Write out, word for word, only the data from its first line to the line containing "x\<close> lies to".

--- Listed records Enclosed Below ---

text \<open>The two consequences of 132-avoidance: when \<open>(x, y)\<close> is swapped, every \<open>b\<close> with
  \<open>x < b < y\<close> lies to the left of \<open>x\<close> (else \<open>x y b\<close> is a 132), and every \<open>a < x\<close> lies to
  the right of \<open>y\<close> (else \<open>a y x\<close> is a 132 right after the swap).\<close>
lemma inverted_left_between:
  assumes t: "t < N" and b: "left t < b" "b < right t"
  shows "(left t, b) \<in> inversions (sigma t)"
proof -
  let ?s = "sigma t" and ?q = "pos t"
  have "b \<in> set ?s" using set_sigma[of t] swapped_range[OF t] b t by auto
  then obtain r where r: "r < n" "?s ! r = b" using length_sigma[of t] t by (auto simp: in_set_conv_nth)
  have "r \<noteq> ?q" "r \<noteq> Suc ?q" using r b unfolding left_def right_def by auto
  moreover have "\<not> Suc ?q < r"
  proof
    assume "Suc ?q < r"
    then have "contains132 ?s" unfolding contains132_def
      using r b length_sigma[of t] t unfolding left_def right_def
      by (intro exI[of _ ?q] exI[of _ "Suc ?q"] exI[of _ r]) auto
    then show False using sigma_avoids_132[of t] t by simp
  qed
  ultimately have "r < ?q" by simp
  then have "precedes ?s b (left t)"
    unfolding precedes_def left_def using r Suc_pos_less[OF t] length_sigma[of t] t
    by (intro exI[of _ r] exI[of _ ?q]) auto
  then show ?thesis unfolding inversions_def using b by simp
qed

lemma inverted_below_left:
  assumes t: "t < N" and a: "1 \<le> a" "a < left t"
  shows "(a, right t) \<in> inversions (sigma t)"
proof -
  let ?s = "sigma t" and ?q = "pos t"
  have q: "Suc ?q < n" using Suc_pos_less[OF t] .
  have "a \<in> set ?s" using set_sigma[of t] swapped_range[OF t] a t by auto
  then obtain r where r: "r < n" "?s ! r = a" using length_sigma[of t] t by (auto simp: in_set_conv_nth)
  have "r \<noteq> ?q" "r \<noteq> Suc ?q" using r a swapped_range[OF t] unfolding left_def right_def by auto
  moreover have "\<not> r < ?q"
  proof
    assume "r < ?q"
    moreover have "sigma (Suc t) ! r = a" "sigma (Suc t) ! ?q = right t" "sigma (Suc t) ! Suc ?q = left t"
      unfolding sigma_Suc[OF t] using \<open>r < ?q\<close> r q length_sigma[of t] t
      by (auto simp: nth_swap_adj transpose_def left_def right_def)
    ultimately have "contains132 (sigma (Suc t))" unfolding contains132_def
      using q a swapped_range[OF t] length_sigma[of "Suc t"] t
      by (intro exI[of _ r] exI[of _ ?q] exI[of _ "Suc ?q"]) auto
    then show False using sigma_avoids_132[of "Suc t"] t by simp
  qed
  ultimately have "Suc ?q < r" by simp
  then have "precedes ?s (right t) a"
    unfolding precedes_def right_def using r length_sigma[of t] t
    by (intro exI[of _ "Suc ?q"] exI[of _ r]) auto
  then show ?thesis unfolding inversions_def using a swapped_range[OF t] by simp
qed

lemma not_precedes_left_below:
  assumes t: "t < N" and c: "1 \<le> c" "c < left t"
  shows "\<not> precedes (sigma t) c (left t)"
proof
  assume prec: "precedes (sigma t) c (left t)"
  obtain t' where t': "t' < t" "swapped t' = (c, right t)"
    using inverted_imp_swapped_before[of t] inverted_below_left[OF t c] t by auto
  then have "(c, left t) \<in> inversions (sigma t')"
    using inverted_left_between[of t' "left t"] swapped_range[OF t] c t by (simp add: swapped_def)
  then have "precedes (sigma t) (left t) c"
    using inversions_sigma_mono[of t' t] t' t unfolding inversions_def by auto
  then show False using precedes_asym[OF distinct_sigma[of t] prec] t by simp
qed

lemma not_inverted_left_above:
  assumes t: "t < N" and c: "right t \<le> c"
  shows "(left t, c) \<notin> inversions (sigma t)"
proof
  assume inv: "(left t, c) \<in> inversions (sigma t)"
  show False
  proof (cases "c = right t")
    case True
    then show False using inv inversions_sigma_Suc(2)[OF t] by (simp add: swapped_def)
  next
    case False
    obtain t' where t': "t' < t" "swapped t' = (left t, c)"
      using inverted_imp_swapped_before[of t] inv t by auto
    then have "(left t, right t) \<in> inversions (sigma t')"
      using inverted_left_between[of t' "right t"] c False swapped_range[OF t] t
      by (simp add: swapped_def)
    then have "swapped t \<in> inversions (sigma t)"
      using inversions_sigma_mono[of t' t] t' t by (auto simp: swapped_def)
    then show False using inversions_sigma_Suc(2)[OF t] by simp
  qed
qed

lemma precedes_left_iff:
  assumes t: "t < N"
  shows "precedes (sigma t) c (left t) \<longleftrightarrow> left t < c \<and> c < right t"
proof
  assume prec: "precedes (sigma t) c (left t)"
  have "1 \<le> c" using precedes_imp_in_set[OF prec] set_sigma[of t] t by auto
  then have "\<not> c < left t" using not_precedes_left_below[OF t] prec by blast
  moreover have "c \<noteq> left t" using precedes_asym[OF distinct_sigma[of t] prec] prec t by auto
  ultimately have "left t < c" by simp
  then have "(left t, c) \<in> inversions (sigma t)" using prec unfolding inversions_def by simp
  then have "\<not> right t \<le> c" using not_inverted_left_above[OF t] by blast
  with \<open>left t < c\<close> show "left t < c \<and> c < right t" by simp
next
  assume "left t < c \<and> c < right t"
  then have "(left t, c) \<in> inversions (sigma t)" using inverted_left_between[OF t] by blast
  then show "precedes (sigma t) c (left t)" unfolding inversions_def by simp
qed

text \<open>The entries to the left of position \<open>pos t\<close> are exactly the values strictly between the
  two swapped ones, so the letter can be read off the swapped pair.\<close>
lemma letter_eq_right_minus_left:
  assumes t: "t < N"
  shows "w ! t = right t - left t"
proof -
  have "pos t = card {c. precedes (sigma t) c (left t)}"
    using card_precedes_nth[OF distinct_sigma[of t], of "pos t"] Suc_pos_less_length[OF t] t
    by (simp add: left_def)
  also have "{c. precedes (sigma t) c (left t)} = {left t<..<right t}"
    by (intro set_eqI) (simp add: precedes_left_iff[OF t])
  finally have "pos t = right t - Suc (left t)" by simp
  then show ?thesis using Suc_pos[OF t] swapped_range[OF t] by arith
qed

definition swap_time :: "nat \<times> nat \<Rightarrow> nat" where
  "swap_time = the_inv_into {..<N} swapped"

lemma swap_time_swapped: "t < N \<Longrightarrow> swap_time (swapped t) = t"
  unfolding swap_time_def using the_inv_into_f_f[OF inj_on_swapped] by simp

lemma swapped_swap_time:
  assumes "p \<in> value_pairs n"
  shows "swap_time p < N" and "swapped (swap_time p) = p"
proof -
  have p: "p \<in> swapped ` {..<N}" using assms by (simp add: swapped_image)
  show "swap_time p < N"
    using the_inv_into_into[OF inj_on_swapped p order.refl] unfolding swap_time_def by simp
  show "swapped (swap_time p) = p"
    using f_the_inv_into_f[OF inj_on_swapped p] unfolding swap_time_def .
qed

lemma swap_time_eq_iff: "p \<in> value_pairs n \<Longrightarrow> t < N \<Longrightarrow> swap_time p = t \<longleftrightarrow> swapped t = p"
  using swapped_swap_time swap_time_swapped by metis

lemma swap_time_less_if_inverted:
  assumes "p \<in> value_pairs n" "t \<le> N" "p \<in> inversions (sigma t)"
  shows "swap_time p < t"
  using inverted_imp_swapped_before[OF assms(2,3)] swap_time_swapped assms(2) by fastforce

lemma swap_time_less_right_increase:
  assumes "1 \<le> a" "a < b" "b < c" "c \<le> n"
  shows "swap_time (a, b) < swap_time (a, c)"
proof -
  let ?t = "swap_time (a, c)"
  have "?t < N" "left ?t = a" "right ?t = c"
    using swapped_swap_time[of "(a, c)"] assms by (auto simp: value_pairs_def swapped_def)
  then have "(a, b) \<in> inversions (sigma ?t)" using inverted_left_between[of ?t b] assms by simp
  then show ?thesis using swap_time_less_if_inverted \<open>?t < N\<close> assms by (simp add: value_pairs_def)
qed

lemma swap_time_less_left_increase:
  assumes "1 \<le> a" "a < a'" "a' < b" "b \<le> n"
  shows "swap_time (a, b) < swap_time (a', b)"
proof -
  let ?t = "swap_time (a', b)"
  have "?t < N" "left ?t = a'" "right ?t = b"
    using swapped_swap_time[of "(a', b)"] assms by (auto simp: value_pairs_def swapped_def)
  then have "(a, b) \<in> inversions (sigma ?t)" using inverted_below_left[of ?t a] assms by simp
  then show ?thesis using swap_time_less_if_inverted \<open>?t < N\<close> assms by (simp add: value_pairs_def)
qed

lemma swap_time_diagonal_mono:
  assumes "1 \<le> c" "1 \<le> a" "a < a'" "a' + c \<le> n"
  shows "swap_time (a, a + c) < swap_time (a', a' + c)"
  using \<open>a < a'\<close>[unfolded less_eq_Suc_le]
proof (induction a' rule: dec_induct)
  case base
  show ?case
    using swap_time_less_right_increase[of a "a + c" "Suc (a + c)"]
      swap_time_less_left_increase[of a "Suc a" "Suc a + c"] assms by simp
next
  case (step k)
  have "swap_time (k, k + c) < swap_time (Suc k, Suc k + c)"
    using swap_time_less_right_increase[of k "k + c" "Suc (k + c)"]
      swap_time_less_left_increase[of k "Suc k" "Suc k + c"] step assms by simp
  with step show ?case by simp
qed

lemma letter_swap_time: "(a, b) \<in> value_pairs n \<Longrightarrow> w ! swap_time (a, b) = b - a"
  using swapped_swap_time[of "(a, b)"] letter_eq_right_minus_left[of "swap_time (a, b)"]
  by (simp add: swapped_def)

section \<open>The tableau \<open>Q\<^sub>w\<close>\<close>

text \<open>The letter \<open>c\<close> occurs exactly at the swaps of the pairs \<open>(a, a + c)\<close>, and these
  occur in increasing order of \<open>a\<close>; so column \<open>c\<close> of \<open>Q\<^sub>w\<close> lists their (1-based) times.\<close>
lemma occurrences_of_letter:
  assumes "1 \<le> c"
  shows "{m. 1 \<le> m \<and> m \<le> N \<and> letter w m = c}
    = set (map (\<lambda>a. Suc (swap_time (a, a + c))) [1..<n-c+1])"
proof (rule set_eqI, rule iffI)
  fix m assume "m \<in> {m. 1 \<le> m \<and> m \<le> N \<and> letter w m = c}"
  then have m: "1 \<le> m" "m - 1 < N" "w ! (m - 1) = c" unfolding letter_def by auto
  let ?t = "m - 1"
  have "right ?t = left ?t + c"
    using letter_eq_right_minus_left[OF m(2)] m(3) swapped_range[OF m(2)] by arith
  then have "m = Suc (swap_time (left ?t, left ?t + c))" and "left ?t \<in> {1..<n-c+1}"
    using swap_time_swapped[OF m(2)] swapped_range[OF m(2)] m(1) by (auto simp: swapped_def)
  then show "m \<in> set (map (\<lambda>a. Suc (swap_time (a, a + c))) [1..<n-c+1])"
    by (force simp del: upt_Suc)
next
  fix m assume "m \<in> set (map (\<lambda>a. Suc (swap_time (a, a + c))) [1..<n-c+1])"
  then obtain a where a: "1 \<le> a" "a + c \<le> n" "m = Suc (swap_time (a, a + c))" by auto
  then have "(a, a + c) \<in> value_pairs n" using assms by (simp add: value_pairs_def)
  then show "m \<in> {m. 1 \<le> m \<and> m \<le> N \<and> letter w m = c}"
    using swapped_swap_time(1) letter_swap_time a unfolding letter_def by fastforce
qed

lemma Qtab_eq:
  assumes c: "1 \<le> c" and i: "1 \<le> i" "i + c \<le> n"
  shows "Qtab w (i, c) = Suc (swap_time (i, i + c))"
proof -
  define L where "L = map (\<lambda>a. Suc (swap_time (a, a + c))) [1..<n-c+1]"
  have length_L: "length L = n - c" unfolding L_def by (simp; arith)
  have L_nth: "L ! p = Suc (swap_time (Suc p, Suc p + c))" if "p < length L" for p
    using that length_L unfolding L_def by (simp del: upt_Suc)
  have "sorted_wrt (<) L" unfolding sorted_wrt_iff_nth_less
  proof (intro allI impI)
    fix p r assume "p < r" "r < length L"
    then show "L ! p < L ! r"
      using swap_time_diagonal_mono[of c "Suc p" "Suc r"] c length_L by (simp add: L_nth)
  qed
  then have "sorted_list_of_set (set L) = L"
    by (simp add: strict_sorted_iff sorted_list_of_set_sort_remdups distinct_remdups_id sorted_sort_id)
  then have "Qtab w (i, c) = L ! (i - 1)"
    unfolding Qtab_def using occurrences_of_letter[OF c] by (simp add: L_def)
  also have "\<dots> = Suc (swap_time (i, i + c))" using L_nth[of "i - 1"] length_L i by simp
  finally show ?thesis .
qed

--- End of Enclosed Listed records ---

→ **Exercise output**:
text \<open>The two consequences of 132-avoidance: when \<open>(x, y)\<close> is swapped, every \<open>b\<close> with
  \<open>x < b < y\<close> lies to the left of \<open>x\<close> (else \<open>x y b\<close> is a 132), and every \<open>a < x\<close> lies to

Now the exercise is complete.